DATA SUPPLIED:

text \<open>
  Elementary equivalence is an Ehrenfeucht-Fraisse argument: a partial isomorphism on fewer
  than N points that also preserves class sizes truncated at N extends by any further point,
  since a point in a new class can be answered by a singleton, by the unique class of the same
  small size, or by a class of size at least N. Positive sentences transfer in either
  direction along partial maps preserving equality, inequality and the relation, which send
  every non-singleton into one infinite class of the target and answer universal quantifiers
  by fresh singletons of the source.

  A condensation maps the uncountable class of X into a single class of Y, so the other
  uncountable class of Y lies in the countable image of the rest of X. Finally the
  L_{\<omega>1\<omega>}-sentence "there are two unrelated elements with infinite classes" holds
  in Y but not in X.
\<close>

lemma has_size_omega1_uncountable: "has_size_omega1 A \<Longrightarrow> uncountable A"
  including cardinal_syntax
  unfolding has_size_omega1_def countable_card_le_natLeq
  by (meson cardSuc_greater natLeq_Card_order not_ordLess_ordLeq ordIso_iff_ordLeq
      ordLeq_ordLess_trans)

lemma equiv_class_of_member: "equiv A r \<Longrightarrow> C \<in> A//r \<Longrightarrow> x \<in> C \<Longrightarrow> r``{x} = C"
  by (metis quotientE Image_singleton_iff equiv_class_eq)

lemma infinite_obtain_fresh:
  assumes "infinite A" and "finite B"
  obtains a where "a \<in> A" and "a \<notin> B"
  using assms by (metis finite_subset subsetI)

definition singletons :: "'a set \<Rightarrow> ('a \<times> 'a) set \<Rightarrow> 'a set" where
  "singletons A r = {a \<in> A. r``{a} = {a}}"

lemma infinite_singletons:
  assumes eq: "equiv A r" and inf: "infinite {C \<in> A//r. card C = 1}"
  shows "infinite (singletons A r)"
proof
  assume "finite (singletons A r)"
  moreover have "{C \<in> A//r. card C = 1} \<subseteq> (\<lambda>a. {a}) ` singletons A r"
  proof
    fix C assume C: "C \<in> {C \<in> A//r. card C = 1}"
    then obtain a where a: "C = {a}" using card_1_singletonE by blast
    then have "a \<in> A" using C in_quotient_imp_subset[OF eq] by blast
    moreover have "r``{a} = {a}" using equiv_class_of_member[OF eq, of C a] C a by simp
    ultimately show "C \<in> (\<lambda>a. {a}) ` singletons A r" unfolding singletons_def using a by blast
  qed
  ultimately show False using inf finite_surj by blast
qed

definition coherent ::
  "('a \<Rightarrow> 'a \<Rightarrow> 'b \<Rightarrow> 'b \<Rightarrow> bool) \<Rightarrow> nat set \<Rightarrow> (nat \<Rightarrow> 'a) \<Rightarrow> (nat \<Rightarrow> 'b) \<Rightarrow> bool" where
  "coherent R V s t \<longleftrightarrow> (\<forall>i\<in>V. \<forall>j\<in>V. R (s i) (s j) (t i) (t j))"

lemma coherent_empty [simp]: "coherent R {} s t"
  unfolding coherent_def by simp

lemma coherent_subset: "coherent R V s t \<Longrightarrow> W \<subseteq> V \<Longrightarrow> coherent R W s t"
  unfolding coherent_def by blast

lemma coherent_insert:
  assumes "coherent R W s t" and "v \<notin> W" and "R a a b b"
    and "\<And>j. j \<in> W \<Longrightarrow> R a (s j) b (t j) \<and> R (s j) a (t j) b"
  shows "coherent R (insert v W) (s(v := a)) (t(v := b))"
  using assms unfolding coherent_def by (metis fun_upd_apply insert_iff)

WORK TASK: Write the data out again, verbatim.

EXERCISE OUTPUT:
text \<open>
  Elementary equivalence is an Ehrenfeucht-Fraisse argument: a partial isomorphism on fewer
  than N points that also preserves class sizes truncated at N extends by any further point,
  since a point in a new class can be answered by a singleton, by the unique class of the same
  small size, or by a class of size at least N. Positive sentences transfer in either
  direction along partial maps preserving equality, inequality and the relation, which send
  every non-singleton into one infinite class of the target and answer universal quantifiers
  by fresh singletons of the source.

  A condensation maps the uncountable class of X into a single class of Y, so the other
  uncountable class of Y lies in the countable image of the rest of X. Finally the
  L_{\<omega>1\<omega>}-sentence "there are two unrelated elements with infinite classes" holds
  in Y but not in X.
\<close>

lemma has_size_omega1_uncountable: "has_size_omega1 A \<Longrightarrow> uncountable A"
  including cardinal_syntax
  unfolding has_size_omega1_def countable_card_le_natLeq
  by (meson cardSuc_greater natLeq_Card_order not_ordLess_ordLeq ordIso_iff_ordLeq
      ordLeq_ordLess_trans)

lemma equiv_class_of_member: "equiv A r \<Longrightarrow> C \<in> A//r \<Longrightarrow> x \<in> C \<Longrightarrow> r``{x} = C"
  by (metis quotientE Image_singleton_iff equiv_class_eq)

lemma infinite_obtain_fresh:
  assumes "infinite A" and "finite B"
  obtains a where "a \<in> A" and "a \<notin> B"
  using assms by (metis finite_subset subsetI)

definition singletons :: "'a set \<Rightarrow> ('a \<times> 'a) set \<Rightarrow> 'a set" where
  "singletons A r = {a \<in> A. r``{a} = {a}}"

lemma infinite_singletons:
  assumes eq: "equiv A r" and inf: "infinite {C \<in> A//r. card C = 1}"
  shows "infinite (singletons A r)"
proof
  assume "finite (singletons A r)"
  moreover have "{C \<in> A//r. card C = 1} \<subseteq> (\<lambda>a. {a}) ` singletons A r"
  proof
    fix C assume C: "C \<in> {C \<in> A//r. card C = 1}"
    then obtain a where a: "C = {a}" using card_1_singletonE by blast
    then have "a \<in> A" using C in_quotient_imp_subset[OF eq] by blast
    moreover have "r``{a} = {a}" using equiv_class_of_member[OF eq, of C a] C a by simp
    ultimately show "C \<in> (\<lambda>a. {a}) ` singletons A r" unfolding singletons_def using a by blast
  qed
  ultimately show False using inf finite_surj by blast
qed

definition coherent ::
  "('a \<Rightarrow> 'a \<Rightarrow> 'b \<Rightarrow> 'b \<Rightarrow> bool) \<Rightarrow> nat set \<Rightarrow> (nat \<Rightarrow> 'a) \<Rightarrow> (nat \<Rightarrow> 'b) \<Rightarrow> bool" where
  "coherent R V s t \<longleftrightarrow> (\<forall>i\<in>V. \<forall>j\<in>V. R (s i) (s j) (t i) (t j))"

lemma coherent_empty [simp]: "coherent R {} s t"
  unfolding coherent_def by simp

lemma coherent_subset: "coherent R V s t \<Longrightarrow> W \<subseteq> V \<Longrightarrow> coherent R W s t"
  unfolding coherent_def by blast

lemma coherent_insert:
  assumes "coherent R W s t" and "v \<notin> W" and "R a a b b"
    and "\<And>j. j \<in> W \<Longrightarrow> R a (s j) b (t j) \<and> R (s j) a (t j) b"
  shows "coherent R (insert v W) (s(v := a)) (t(v := b))"
  using assms unfolding coherent_def by (metis fun_upd_apply insert_iff)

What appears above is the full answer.